Top of Information

(* Let $\Omega\subset\mathbb R^n$ be a bounded domain, $\alpha<0$, and $\varphi:\partial\Omega\to\mathbb R$ a positive function. If $u$ is a positive solution of $$\mathrm{div}\left(\frac{Du}{\sqrt{1-|Du|^2}}\right)=\frac{\alpha}{u\sqrt{1-|Du|^2}}\ \text{ in }\Omega,\qquad u=\varphi\ \text{ on }\partial\Omega,\qquad |Du|<1\ \text{ in }\overline\Omega,$$ then there exists a constant $C_1=C_1(\alpha,\Omega,\varphi)>0$, depending only on $\alpha$, $\Omega$ and $\varphi$, such that $$\min_{\partial\Omega}\varphi\le u\le C_1\quad\text{in }\Omega.$$ *)

theory Defs
  imports "HOL-Analysis.Analysis"
begin

definition divergence :: "('a::euclidean_space \<Rightarrow> 'a) \<Rightarrow> 'a \<Rightarrow> real" where
  "divergence V x = (\<Sum>i\<in>Basis. (frechet_derivative V (at x) i) \<bullet> i)"

definition bounded_domain :: "'a::euclidean_space set \<Rightarrow> bool" where
  "bounded_domain \<Omega> \<longleftrightarrow> open \<Omega> \<and> connected \<Omega> \<and> bounded \<Omega> \<and> \<Omega> \<noteq> {}"

definition is_solution :: "real \<Rightarrow> 'a::euclidean_space set \<Rightarrow> ('a \<Rightarrow> real) \<Rightarrow> ('a \<Rightarrow> real) \<Rightarrow> bool" where
  "is_solution \<alpha> \<Omega> \<phi> u \<longleftrightarrow>
    (\<exists>Du D2u.
      continuous_on (closure \<Omega>) u \<and>
      continuous_on (closure \<Omega>) Du \<and>
      (\<forall>x\<in>\<Omega>. (u has_derivative (\<lambda>h. Du x \<bullet> h)) (at x)) \<and>
      (\<forall>x\<in>\<Omega>. (Du has_derivative D2u x) (at x)) \<and>
      (\<forall>i\<in>Basis. continuous_on \<Omega> (\<lambda>x. D2u x i)) \<and>
      (\<forall>x\<in>closure \<Omega>. norm (Du x) < 1) \<and>
      (\<forall>x\<in>\<Omega>. divergence (\<lambda>y. (1 / sqrt (1 - (norm (Du y))\<^sup>2)) *\<^sub>R Du y) x
                 = \<alpha> / (u x * sqrt (1 - (norm (Du x))\<^sup>2))) \<and>
      (\<forall>x\<in>frontier \<Omega>. u x = \<phi> x))"

end

theory Submission
  imports Defs
begin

Bottom of Information

▶ _Task to complete_
Copy exactly the stretch of data above from the line with "(\<exists>Du D2u." through the line with "(\<forall>x\<in>closure \<Omega>. norm", and omit all other lines.

▶ _Solution for this task_
    (\<exists>Du D2u.
      continuous_on (closure \<Omega>) u \<and>
      continuous_on (closure \<Omega>) Du \<and>
      (\<forall>x\<in>\<Omega>. (u has_derivative (\<lambda>h. Du x \<bullet> h)) (at x)) \<and>
      (\<forall>x\<in>\<Omega>. (Du has_derivative D2u x) (at x)) \<and>
      (\<forall>i\<in>Basis. continuous_on \<Omega> (\<lambda>x. D2u x i)) \<and>
      (\<forall>x\<in>closure \<Omega>. norm (Du x) < 1) \<and>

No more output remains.